# Where can I find FREE set design software?



## bryandavid25

Ladies & Gentleman:

I see/find/located a fair amount of FREE software for both lighting designers and sound engineers; tech talks abounds but not a whisper about set design for the theatre except for Mac users.

As a Playwright & Lyricist I have VERY limited skills with sketching a set that doesn't look like a third grader's drawing. (No offense to all those great 3rd graders who can draw!) HELP ME! I can 'see' the set as I write and dictate blocking based on the location of everything from the bed and fireplace to the curved ramp and staircase but can't draw a straight line without a ruler.
*
ANYONE OUT THERE USING A SOFTWARE PROGRAM FOR US DRAWING CHALLENGED?
*​
Thanking you all in advance for any advice and council.

Bryan David
[email protected]


----------



## Sayen

Google Sketchup is free, and surprisingly standard in the lower end of professional theater. The pro version even outputs file types that are compatible with other drafting programs, although you'll have to pay for it.


----------



## bryandavid25

It's NOT what you ask but WHO!

THANH YOU 'Sayen'


----------



## gafftaper

Most people use Vectorworks or AutoCad but both are expensive. If you are a student you can get a student edition of both for free here and Autocad here. However they will be watermarked in some way as Student edition so it's not something you can use professionally, it's also against the user agreement. But it's great for school projects. 

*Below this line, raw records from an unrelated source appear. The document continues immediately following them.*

lemma sum_Pow_card_Int_deviation_sq:
  assumes "finite A"
  shows "(\<Sum>Z\<in>Pow A. (real (card (Z \<inter> S)) - real (card (A \<inter> S)) / 2)^2)
           = real (card (A \<inter> S)) * 2 ^ card A / 4"
  using assms
proof (induction A rule: finite_induct)
  case empty
  then show ?case by simp
next
  case (insert i A)
  define m where "m = real (card (A \<inter> S))"
  define e :: real where "e = of_bool (i \<in> S) / 2"
  define d where "d Z = real (card (Z \<inter> S)) - m / 2" for Z
  have shift: "real (card (Z \<inter> S)) - (m + 2 * e) / 2 = d Z - e"
    "real (card (Z \<inter> S) + of_bool (i \<in> S)) - (m + 2 * e) / 2 = d Z + e" for Z
    by (simp_all add: d_def e_def field_simps)
  have m': "real (card (insert i A \<inter> S)) = m + 2 * e"
    by (simp add: m_def e_def Int_insert_left insert(1,2) card_insert_if)
  have "(\<Sum>Z\<in>Pow (insert i A). (real (card (Z \<inter> S)) - (m + 2 * e) / 2)^2)
      = (\<Sum>Z\<in>Pow A. (d Z - e)^2 + (d Z + e)^2)"
    unfolding sum_Pow_insert_card_Int[OF insert(1,2), where f="\<lambda>n. (real n - (m + 2 * e) / 2)^2"]
    by (simp only: shift)
  also have "\<dots> = 2 * (\<Sum>Z\<in>Pow A. (d Z)^2) + 2 * e^2 * 2 ^ card A"
    using insert(1) by (simp add: power2_eq_square algebra_simps sum.distrib sum_distrib_left card_Pow)
  also have "\<dots> = (m + 2 * e) * 2 ^ card (insert i A) / 4"
    using insert(1,2,3) by (simp add: d_def m_def e_def power2_eq_square field_simps)
  finally show ?case unfolding m' .
qed

lemma sum_Pow_card_Int_deviation_pow4:
  assumes "finite A"
  shows "(\<Sum>Z\<in>Pow A. (real (card (Z \<inter> S)) - real (card (A \<inter> S)) / 2)^4)
           = (3 * real (card (A \<inter> S))^2 - 2 * real (card (A \<inter> S))) * 2 ^ card A / 16"
  using assms
proof (induction A rule: finite_induct)
  case empty
  then show ?case by simp
next
  case (insert i A)
  define m where "m = real (card (A \<inter> S))"
  define e :: real where "e = of_bool (i \<in> S) / 2"
  define d where "d Z = real (card (Z \<inter> S)) - m / 2" for Z
  have shift: "real (card (Z \<inter> S)) - (m + 2 * e) / 2 = d Z - e"
    "real (card (Z \<inter> S) + of_bool (i \<in> S)) - (m + 2 * e) / 2 = d Z + e" for Z
    by (simp_all add: d_def e_def field_simps)
  have m': "real (card (insert i A \<inter> S)) = m + 2 * e"
    by (simp add: m_def e_def Int_insert_left insert(1,2) card_insert_if)
  have "(\<Sum>Z\<in>Pow (insert i A). (real (card (Z \<inter> S)) - (m + 2 * e) / 2)^4)
      = (\<Sum>Z\<in>Pow A. (d Z - e)^4 + (d Z + e)^4)"
    unfolding sum_Pow_insert_card_Int[OF insert(1,2), where f="\<lambda>n. (real n - (m + 2 * e) / 2)^4"]
    by (simp only: shift)
  also have "\<dots> = 2 * (\<Sum>Z\<in>Pow A. (d Z)^4) + 12 * e^2 * (\<Sum>Z\<in>Pow A. (d Z)^2) + 2 * e^4 * 2 ^ card A"
    using insert(1)
    by (simp add: power2_eq_square power4_eq_xxxx algebra_simps sum.distrib sum_distrib_left card_Pow)
  also have "\<dots> = (3 * (m + 2 * e)^2 - 2 * (m + 2 * e)) * 2 ^ card (insert i A) / 16"
  proof -
    have sq: "(\<Sum>Z\<in>Pow A. (d Z)^2) = m * 2 ^ card A / 4"
      using sum_Pow_card_Int_deviation_sq[OF insert(1)] by (simp add: d_def m_def)
    have p4: "(\<Sum>Z\<in>Pow A. (d Z)^4) = (3 * m^2 - 2 * m) * 2 ^ card A / 16"
      using insert(3) by (simp add: d_def m_def)
    show ?thesis
      unfolding sq p4 using insert(1,2)
      by (cases "i \<in> S") (simp_all add: e_def power2_eq_square power4_eq_xxxx field_simps)
  qed
  finally show ?case unfolding m' .
qed

lemma sum_Pow_card_deviation_sq:
  assumes "finite A"
  shows "(\<Sum>Z\<in>Pow A. (real (card Z) - real (card A) / 2)^2) = real (card A) * 2 ^ card A / 4"
proof -
  have "(\<Sum>Z\<in>Pow A. f (card (Z \<inter> A))) = (\<Sum>Z\<in>Pow A. f (card Z))" for f :: "nat \<Rightarrow> real"
    by (rule sum.cong) (auto simp: Int_absorb2)
  from this[of "\<lambda>n. (real n - real (card A) / 2)^2"] show ?thesis
    using sum_Pow_card_Int_deviation_sq[OF assms, of A] by simp
qed

lemma sum_Pow_card_deviation_pow4:
  assumes "finite A"
  shows "(\<Sum>Z\<in>Pow A. (real (card Z) - real (card A) / 2)^4)
           = (3 * real (card A)^2 - 2 * real (card A)) * 2 ^ card A / 16"
proof -
  have "(\<Sum>Z\<in>Pow A. f (card (Z \<inter> A))) = (\<Sum>Z\<in>Pow A. f (card Z))" for f :: "nat \<Rightarrow> real"
    by (rule sum.cong) (auto simp: Int_absorb2)
  from this[of "\<lambda>n. (real n - real (card A) / 2)^4"] show ?thesis
    using sum_Pow_card_Int_deviation_pow4[OF assms, of A] by simp
qed

lemma card_filter_mult_le_sum:
  fixes \<phi> :: "'a \<Rightarrow> real"
  assumes "finite B" "\<And>Z. Z \<in> B \<Longrightarrow> 0 \<le> \<phi> Z" "\<And>Z. Z \<in> B \<Longrightarrow> P Z \<Longrightarrow> l \<le> \<phi> Z"
  shows "l * real (card {Z\<in>B. P Z}) \<le> (\<Sum>Z\<in>B. \<phi> Z)"
proof -
  have "l * real (card {Z\<in>B. P Z}) = (\<Sum>Z\<in>{Z\<in>B. P Z}. l)" by simp
  also have "\<dots> \<le> (\<Sum>Z\<in>{Z\<in>B. P Z}. \<phi> Z)" by (rule sum_mono) (use assms in auto)
  also have "\<dots> \<le> (\<Sum>Z\<in>B. \<phi> Z)" by (rule sum_mono2) (use assms in auto)
  finally show ?thesis .
qed

lemma card_Pow_card_Int_far_from_mean_le:
  assumes "finite A" "0 < t"
  shows "real (card {Z\<in>Pow A. t \<le> \<bar>real (card (Z \<inter> S)) - real (card (A \<inter> S)) / 2\<bar>})
           \<le> real (card (A \<inter> S)) * 2 ^ card A / (4 * t^2)"
proof -
  have "t^2 * real (card {Z\<in>Pow A. t \<le> \<bar>real (card (Z \<inter> S)) - real (card (A \<inter> S)) / 2\<bar>})
      \<le> (\<Sum>Z\<in>Pow A. (real (card (Z \<inter> S)) - real (card (A \<inter> S)) / 2)^2)"
    by (rule card_filter_mult_le_sum)
      (use assms in \<open>auto simp: abs_le_square_iff[symmetric] intro: order.trans[OF _ abs_ge_self]\<close>)
  also have "\<dots> = real (card (A \<inter> S)) * 2 ^ card A / 4"
    by (rule sum_Pow_card_Int_deviation_sq[OF assms(1)])
  finally show ?thesis
    using assms(2) by (simp add: pos_le_divide_eq mult.commute mult.left_commute)
qed

lemma card_Pow_upper_tail_eq_lower_tail:
  assumes "finite A"
  shows "card {Z\<in>Pow A. t < real (card Z) - real (card A) / 2}
           = card {Z\<in>Pow A. real (card Z) - real (card A) / 2 < - t}"
proof -
  have "real (card (A - Z)) = real (card A) - real (card Z)" if "Z \<subseteq> A" for Z
    using assms that by (simp add: card_Diff_subset finite_subset card_mono of_nat_diff)
  then have "bij_betw (\<lambda>Z. A - Z) {Z\<in>Pow A. t < real (card Z) - real (card A) / 2}
               {Z\<in>Pow A. real (card Z) - real (card A) / 2 < - t}"
    by (intro bij_betw_byWitness[where f'="\<lambda>Z. A - Z"]) auto
  then show ?thesis by (rule bij_betw_same_card)
qed

lemma le_threshold_plus_indicator:
  fixes Y \<tau> \<mu> :: real
  assumes "0 \<le> Y" "0 < \<mu>" "0 \<le> \<tau>"
  shows "Y \<le> \<tau> + (Y^2 / \<mu> + \<mu> * of_bool (\<tau> < Y)) / 2"
proof (cases "\<tau> < Y")
  case True
  have "2 * Y * \<mu> \<le> Y^2 + \<mu>^2" using zero_le_power2[of "Y - \<mu>"] by (simp add: power2_eq_square algebra_simps)
  then have "Y \<le> (Y^2 / \<mu> + \<mu>) / 2" using assms by (simp add: field_simps power2_eq_square)
  moreover have "\<tau> + (Y^2 / \<mu> + \<mu> * of_bool (\<tau> < Y)) / 2 = \<tau> + (Y^2 / \<mu> + \<mu>) / 2"
    using True by simp
  ultimately show ?thesis using assms(3) by linarith
next
  case False
  show ?thesis by (rule add_increasing2) (use False assms in auto)
qed

text \<open>Paley--Zygmund: sum \<open>le_threshold_plus_indicator\<close> over $Y = (|Z| - a/2)^2$ with
  $\mu = 3a/4$ and compare the second and fourth moments.\<close>

lemma card_Pow_deviation_sq_gt_ge:
  assumes "finite A" "0 < card A" "0 \<le> c" "c < 0.01"
  shows "0.3 * 2 ^ card A \<le> real (card {Z\<in>Pow A. c^2 * real (card A) < (real (card Z) - real (card A) / 2)^2})"
proof -
  define a where "a = real (card A)"
  define N where "N = (2::real) ^ card A"
  define Y where "Y Z = (real (card Z) - a / 2)^2" for Z :: "'a set"
  define \<tau> where "\<tau> = c^2 * a"
  define \<mu> where "\<mu> = 3 * a / 4"
  define cnt where "cnt = real (card {Z\<in>Pow A. \<tau> < Y Z})"
  have a0: "0 < a" using assms by (simp add: a_def)
  have \<tau>: "\<tau> \<le> 0.0001 * a"
  proof -
    have "c * c \<le> 0.01 * 0.01" using assms by (intro mult_mono) auto
    then show ?thesis using a0 by (simp add: \<tau>_def power2_eq_square)
  qed
  have "(\<Sum>Z\<in>Pow A. Y Z) \<le> (\<Sum>Z\<in>Pow A. \<tau> + ((Y Z)^2 / \<mu> + \<mu> * of_bool (\<tau> < Y Z)) / 2)"
    by (intro sum_mono le_threshold_plus_indicator) (use a0 in \<open>auto simp: \<mu>_def \<tau>_def Y_def\<close>)
  also have "\<dots> = \<tau> * N + (\<Sum>Z\<in>Pow A. (Y Z)^2) / (2 * \<mu>) + \<mu> / 2 * cnt"
    using assms(1)
    by (simp add: sum.distrib add_divide_distrib sum_divide_distrib[symmetric] sum_distrib_left[symmetric]
        card_Pow N_def cnt_def Int_def conj_commute)
  finally have "a * N / 4 \<le> \<tau> * N + (3 * a^2 - 2 * a) * N / 16 / (2 * \<mu>) + \<mu> / 2 * cnt"
    using sum_Pow_card_deviation_sq[OF assms(1)] sum_Pow_card_deviation_pow4[OF assms(1)]
    by (simp add: Y_def a_def N_def power_mult[symmetric])
  moreover have "(3 * a^2 - 2 * a) * N / 16 / (2 * \<mu>) \<le> a * N / 8"
    using a0 by (simp add: \<mu>_def N_def field_simps power2_eq_square)
  moreover have "\<tau> * N \<le> 0.0001 * a * N" using \<tau> by (simp add: N_def)
  moreover have "\<mu> / 2 * cnt = 3 * a / 8 * cnt" by (simp add: \<mu>_def)
  ultimately have "a * N / 8 - 0.0001 * a * N \<le> 3 * a / 8 * cnt" by linarith
  then have "N * 1249 \<le> cnt * 3750" using a0 by (simp add: field_simps)
  moreover have "0 \<le> N" by (simp add: N_def)
  ultimately have "0.3 * N \<le> cnt" by linarith
  then show ?thesis by (simp add: N_def cnt_def Y_def \<tau>_def a_def)
qed

lemma card_Pow_upper_tail_ge:
  assumes "finite A" "0 < card A" "0 \<le> c" "c < 0.01"
  shows "0.15 * 2 ^ card A
           \<le> real (card {Z\<in>Pow A. c * sqrt (real (card A)) < real (card Z) - real (card A) / 2})"
proof -
  define t where "t = c * sqrt (real (card A))"
  define W where "W Z = real (card Z) - real (card A) / 2" for Z :: "'a set"
  have t0: "0 \<le> t" using assms by (simp add: t_def)
  have "w^2 > t^2 \<longleftrightarrow> t < w \<or> w < - t" for w :: real
    using t0 abs_le_square_iff[of w t] by (auto simp: not_le[symmetric] abs_le_iff)
  then have "{Z\<in>Pow A. t^2 < (W Z)^2} = {Z\<in>Pow A. t < W Z} \<union> {Z\<in>Pow A. W Z < - t}"
    by auto
  moreover have "{Z\<in>Pow A. t < W Z} \<inter> {Z\<in>Pow A. W Z < - t} = {}" using t0 by auto
  ultimately have "card {Z\<in>Pow A. t^2 < (W Z)^2} = 2 * card {Z\<in>Pow A. t < W Z}"
    using card_Pow_upper_tail_eq_lower_tail[OF assms(1), of t] assms(1)
    by (simp add: card_Un_disjoint W_def)
  moreover have "t^2 = c^2 * real (card A)" by (simp add: t_def power_mult_distrib)
  ultimately show ?thesis
    using card_Pow_deviation_sq_gt_ge[OF assms] by (simp add: W_def t_def)
qed

lemma binomial_le_power_mult:
  fixes q :: real
  assumes "k \<le> m" "0 \<le> q" "\<And>j. j < k \<Longrightarrow> real n - real j \<le> q * (real m - real j)"
  shows "real (n choose k) \<le> q^k * real (m choose k)"
  using assms
proof (induction k)
  case 0
  then show ?case by simp
next
  case (Suc k)
  have IH: "real (n choose k) \<le> q^k * real (m choose k)" using Suc by auto
  have absorb: "real (Suc k) * real (l choose Suc k) = real (l - k) * real (l choose k)" for l
    using binomial_absorption[of k l] binomial_absorb_comp[of l k] by (metis of_nat_mult)
  have "real (n - k) \<le> q * (real m - real k)"
  proof (cases "k \<le> n")
    case True
    then show ?thesis using Suc.prems(3)[of k] by (simp add: of_nat_diff)
  next
    case False
    then show ?thesis using Suc.prems(1,2) by simp
  qed
  then have "real (Suc k) * real (n choose Suc k) \<le> (q * (real m - real k)) * (q^k * real (m choose k))"
    unfolding absorb using IH Suc.prems(1,2) by (intro mult_mono) auto
  also have "\<dots> = q^Suc k * (real (m - k) * real (m choose k))"
    using Suc.prems(1) by (simp add: of_nat_diff mult_ac)
  also have "\<dots> = real (Suc k) * (q^Suc k * real (m choose Suc k))"
    unfolding absorb[symmetric] by (simp only: mult.left_commute)
  finally show ?case by (simp only: mult_le_cancel_left_pos of_nat_0_less_iff zero_less_Suc)
qed

lemma half_plus_over_half_minus_le:
  fixes s E :: real
  assumes "0 < s" "0 \<le> E" "E \<le> s / 4"
  shows "(s / 2 + E) / (s / 2 - E) \<le> 1 + 8 * E / s"
proof -
  have "8 * E * E \<le> 2 * E * s" using mult_left_mono[of "4 * E" s "2 * E"] assms by simp
  then have "8 * E * E / s \<le> 2 * E" using assms(1) by (simp add: divide_le_eq)
  moreover have "(1 + 8 * E / s) * (s / 2 - E) = s / 2 + 3 * E - 8 * E * E / s"
    using assms(1) by (simp add: field_simps)
  ultimately have "s / 2 + E \<le> (1 + 8 * E / s) * (s / 2 - E)" by linarith
  then show ?thesis using assms by (simp add: divide_le_eq)
qed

Otherwise, Sketchup is your best bet. I like using Sketchup to make simple set models for early production meetings. Directors love the ability to fully visualize the set on a computer and it's REALLY easy to create something fairly complicated.


----------



## JohnD

Google sold Sketchup to Trimble, no idea how that will affect things.
Trimble SketchUp
There are a number of open source CAD programs you might take a look at.
SourceForge.net: free-cad
RibbonSoft - What is QCAD?
BRL-CAD | Open Source Solid Modeling


----------



## Luna1968

Thanks for the info!


----------



## jglodeklights

My preferred software for sketching up models is, ta-da! SketchUp. However, for creating drawings that I use to give to TD's or to do construction drawings, I use the free CAD program Draftsight. It is a standard command line CAD program for generating DWG type files that includes the ability to map custom keyboard shortcuts for most tools and actions. There is even some degree of 3D functionality. Compared to not free programs that are 2D it lacks the ability to database, making it fairly useless for drawing lighting plots unless you plan on generating paperwork manually, or for creating parts lists based off of compenents in the drawing.


----------



## Dustincoc

I second Draftsight. I haven't found any 3D functionality, but I haven't played with it that much.


----------



## jglodeklights

I've managed to model a 4x8 platform in 3D in Draftsight, however I've yet to figure out how to get that model into drawing sheets in some useful manner *scratches head*


----------



## shiben

bryandavid25 said:


> Ladies & Gentleman:
> 
> I see/find/located a fair amount of FREE software for both lighting designers and sound engineers; tech talks abounds but not a whisper about set design for the theatre except for Mac users.
> 
> As a Playwright & Lyricist I have VERY limited skills with sketching a set that doesn't look like a third grader's drawing. (No offense to all those great 3rd graders who can draw!) HELP ME! I can 'see' the set as I write and dictate blocking based on the location of everything from the bed and fireplace to the curved ramp and staircase but can't draw a straight line without a ruler.
> *
> ANYONE OUT THERE USING A SOFTWARE PROGRAM FOR US DRAWING CHALLENGED?
> *​
> Thanking you all in advance for any advice and council.
> 
> Bryan David
> [email protected]



Sketchup is what you want to be using. Its free, incredibly easy, and works in 3d right away. A curved ramp might be something of a challenge, but thats hard to draw in any program (except as an orthographic projection, its a couple of pretty basic shapes...) The other option is going to your local community college and taking a couple drawing classes at night. Its amazing how much of the "inability to draw" is really "no one has told me I can draw just fine, and equipped me with tools to do so".


----------



## np18358

Also, you may want to look into a few simple (cheap) drafting tools, like two drawing triangles. They can really help with drawing.


----------